I remembered today. Those memories that I put aside. It was easier than dealing with the pain at the end. It all flooded back. All the joy, love, pain, and finally the tragedy that overshadowed all those memories. In that time we were fallen angels wanting to regain our wings.

 

I looked in the mirror and saw the aging person in it. My teeth lay in a cup on the sink. My hair streaked with gray. I am old now. As I looked closely in the mirror I saw remnants in the aging face of what I looked like in my youth. And I thought of you after forty years of forgetting.

 

I heard the angry shouts in the alley. I looked in to see the three boys. Your slender form laying on the ground. One of the bullies kicking you. I heard the usual ugly words. Accusations. Vile hatred of someone different from them. Intolerance and ignorance.

 

I noticed them because I heard them. They never noticed me. Never even heard me when I came at them. I hit one in the side of the head. It stunned him for the moment. The other I kicked in the knee, he fell clutching it.

 

The fat, ugly one who used the ugly words, I kicked him in the groin. He fell down clutching his jewels. He stood up, as did the others, I didn't have the advantage anymore. Someone shouted down the alley. Like the cowards they were. They fled.

 

I offered you my hand. Helped you up. Your face and body are bruised. You limped out of the alley with me. That was as far as I'd help you. This was your problem. It had nothing to do with me. I didn't want to be involved with you. You were different. I wanted to be the same.

 

I started to walk away. You pleaded with me. Wanted me to walk you to school. I didn't want to. People already called me gay. What would they

say if they saw me with you? Did it really matter? They would still call me gay if I walked with you or not.

 

You looked at me with those pretty blue eyes, bruised face, clothes torn and dirty. Hair messed. Yet, I could see the beauty there. I felt sorry for you. I walked you to school. Because I knew you wouldn't matter. No matter what happened. I was different and would never be the same.

 

We talked about how people judged us. How they hated us for being different. How I hated that people judged me as gay. You said you didn't hate them. That you felt sorry for them. That they judged you for being different. I said I wasn't gay, wasn't different,

 

"Maybe you are gay." You said to me. "It's okay, I'm gay, you know."

I shook my head. "No, I'm not gay." People just thought I was gay.

"Maybe you don't know you are gay." You said to me.

I laughed. "I would know if I was gay."

 

I didn't want to be gay. I didn't want to be different. I didn't want people to hate me for being gay or different in any way. I wanted people to leave me alone. I wanted to stop being considered different and be the same. To get away from ugly people and ugly words. I told you that.

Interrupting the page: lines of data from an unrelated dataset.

lemma op_norm_le:
  assumes A: "A \<in> carrier_mat m n" and C: "0 \<le> C"
    and gain: "\<And>v. v \<in> carrier_vec n \<Longrightarrow> vec_sqnorm (A *\<^sub>v v) \<le> C\<^sup>2 * vec_sqnorm v"
  shows "op_norm A \<le> C"
  unfolding op_norm_def
proof (rule cSup_least)
  fix y assume "y \<in> insert 0 {vec_norm2 (A *\<^sub>v v) |v. v \<in> carrier_vec (dim_col A) \<and> vec_norm2 v = 1}"
  then consider "y = 0" | v where "y = vec_norm2 (A *\<^sub>v v)" "v \<in> carrier_vec n" "vec_sqnorm v = 1"
    using A by (auto simp: vec_norm2_eq_sqrt_sqnorm)
  then show "y \<le> C"
  proof cases
    case 2
    then have "vec_sqnorm (A *\<^sub>v v) \<le> C\<^sup>2"
      using gain[of v] by simp
    from real_sqrt_le_mono[OF this] show ?thesis
      using 2(1) C by (simp add: vec_norm2_eq_sqrt_sqnorm)
  qed (use C in simp)
qed simp

section \<open>The Poisson integral\<close>

lemma inverse_sqnorm_diff_on_circle:
  fixes u a :: complex
  assumes u: "cmod u = 1" and a: "cmod a < 1"
  shows "u / ((1 - cnj a * u) * (u - a)) = of_real (1 / (cmod (u - a))\<^sup>2)"
proof -
  have "u * cnj u = 1" using complex_norm_square[of u] u by simp
  then have factor: "1 - cnj a * u = u * cnj (u - a)" by (simp add: algebra_simps)
  have "u \<noteq> 0" using u by auto
  then have "u / ((u * cnj (u - a)) * (u - a)) = 1 / (cnj (u - a) * (u - a))"
    by (simp add: mult.assoc)
  also have "\<dots> = 1 / of_real ((cmod (u - a))\<^sup>2)"
    unfolding complex_norm_square by (simp only: mult.commute)
  also have "\<dots> = of_real (1 / (cmod (u - a))\<^sup>2)"
    by simp
  finally show ?thesis unfolding factor .
qed

lemma Poisson_integral_unit_interval:
  fixes a :: complex
  assumes a: "cmod a < 1"
  shows "((\<lambda>x. 1 / (cmod (cis (2 * pi * x) - a))\<^sup>2) has_integral 1 / (1 - (cmod a)\<^sup>2)) {0..1}"
proof -
  define h where "h = (\<lambda>u. 1 / (1 - cnj a * u))"
  define \<psi> where "\<psi> = (\<lambda>x::real. 1 / (cmod (cis (2 * pi * x) - a))\<^sup>2)"
  have "1 - cnj a * u \<noteq> 0" if "u \<in> cball 0 1" for u
  proof -
    have "cmod (cnj a * u) \<le> cmod a"
      using that mult_left_le[of "cmod u" "cmod a"] by (simp add: norm_mult)
    then show ?thesis using a by auto
  qed
  then have "h holomorphic_on cball 0 1"
    unfolding h_def by (intro holomorphic_intros) auto
  then have "((\<lambda>u. h u / (u - a)) has_contour_integral (2 * of_real pi * \<i> * h a)) (circlepath 0 1)"
    by (rule Cauchy_integral_circlepath_simple) (use a in simp)
  then have I1: "((\<lambda>x. h (circlepath 0 1 x) / (circlepath 0 1 x - a) * vector_derivative (circlepath 0 1) (at x))
      has_integral (2 * of_real pi * \<i> * h a)) {0..1}"
    by (simp add: has_contour_integral)
  have "h (circlepath 0 1 x) / (circlepath 0 1 x - a) * vector_derivative (circlepath 0 1) (at x)
      = (2 * of_real pi * \<i>) * of_real (\<psi> x)" for x
  proof -
    define u where "u = cis (2 * pi * x)"
    have cu: "circlepath 0 1 x = u"
      unfolding circlepath u_def by (simp add: cis_conv_exp mult_ac)
    have du: "vector_derivative (circlepath 0 1) (at x) = 2 * pi * \<i> * u"
      unfolding vector_derivative_circlepath u_def by (simp add: cis_conv_exp mult_ac)
    have "h u / (u - a) * (2 * pi * \<i> * u) = (2 * of_real pi * \<i>) * (u / ((1 - cnj a * u) * (u - a)))"
      unfolding h_def by (simp add: field_simps)
    also have "\<dots> = (2 * of_real pi * \<i>) * of_real (\<psi> x)"
      unfolding \<psi>_def u_def[symmetric] by (subst inverse_sqnorm_diff_on_circle) (use a u_def in auto)
    finally show ?thesis unfolding cu du .
  qed
  with I1 have "((\<lambda>x. (2 * of_real pi * \<i>) * of_real (\<psi> x)) has_integral (2 * of_real pi * \<i> * h a)) {0..1}"
    by simp
  from has_integral_mult_right[OF this, of "1 / (2 * of_real pi * \<i>)"]
  have "((\<lambda>x. of_real (\<psi> x) :: complex) has_integral h a) {0..1}"
    by (simp add: field_simps)
  from has_integral_linear[OF this bounded_linear_Re]
  have "(\<psi> has_integral Re (h a)) {0..1}"
    by (simp add: o_def)
  moreover have "h a = of_real (1 / (1 - (cmod a)\<^sup>2))"
    unfolding h_def using complex_norm_square[of a] by (simp add: mult.commute)
  ultimately show ?thesis
    unfolding \<psi>_def by (simp only: Re_complex_of_real)
qed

"Is it so bad to be gay." You looked at me with those pretty blue eyes. I wondered if it would be so bad to be gay. I had never thought that I might want to be gay. Until I saw those pretty blue eyes in that cute face. With you, I didn't think about being the same, I didn't mind being different.

 

We walked to school each day. I stood up to the bullies who would harass us. You wanted me to ignore them or run away. I wouldn't do that, I would stand up to them. Make them respect me. Only it didn't work that way. They just kept hurling angry words. Continued to hate.

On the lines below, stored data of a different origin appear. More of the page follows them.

theorem proposition3p10:
  fixes D R :: "'a::semigroup_mult \<Rightarrow> 'a"
  assumes "DRC_semigroup D R"
  shows "biordered_category UNIV D R (*) (drc_le_l D) (drc_le_r D R)
       \<and> (\<forall>a. \<forall>p\<in>projections D. proj_le p (D a) \<longrightarrow>
             left_restriction D (drc_le_l D) p a = p * a)
       \<and> (\<forall>a. \<forall>q\<in>projections D. proj_le q (R a) \<longrightarrow>
             right_restriction R (drc_le_r D R) a q = a * q)"
proof -
  interpret drc_semigroup D R
    using assms by unfold_locales
  have "biordered_category UNIV D R (*) (drc_le_l D) (drc_le_r D R)"
    unfolding biordered_category_def cat_objects_eq_projections projections_eq
    using left_ordered_category right_ordered_category
    by (simp add: drc_le_l_objects drc_le_r_objects)
  then show ?thesis
    by (simp add: projections_eq left_restriction_eq right_restriction_eq)
qed

end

They hurled ugly words at us, people ignored them, teachers ignored them, they blamed us. As if we deserved it for being who we were. As if it were our fault we were not the same. As if it was wrong for us to be different. Like fallen angels who didn't deserve to fly.

 

You made friends, laughed it off, charmed them. I hated them. I challenged them. I demanded from them what they would never give. I wanted respect. Or to just be left alone. Only they would never leave us alone, they were all the same, we were different. They hated us for that.

 

One day you said to me: "Do you want to go to a place where you are accepted? Where no one starts a fight. Where you don't have to hear those ugly words." Where could that place be? Where could we go where we were the same and others were different.

 

You wanted me to run away with you. I thought. That you wanted to find a place where we would be accepted for who we were. "There is no such place." I said. We were the fallen angels. Our wings taken away. Where could we fly to. Where could we run away to?

 

"Ohh, there is." You smiled. You were always pretty. When you smiled you glowed. "You should come and see." Only that couldn't be true. We were not the same. We were different. There was no place we could go, no place we could be that we weren't different.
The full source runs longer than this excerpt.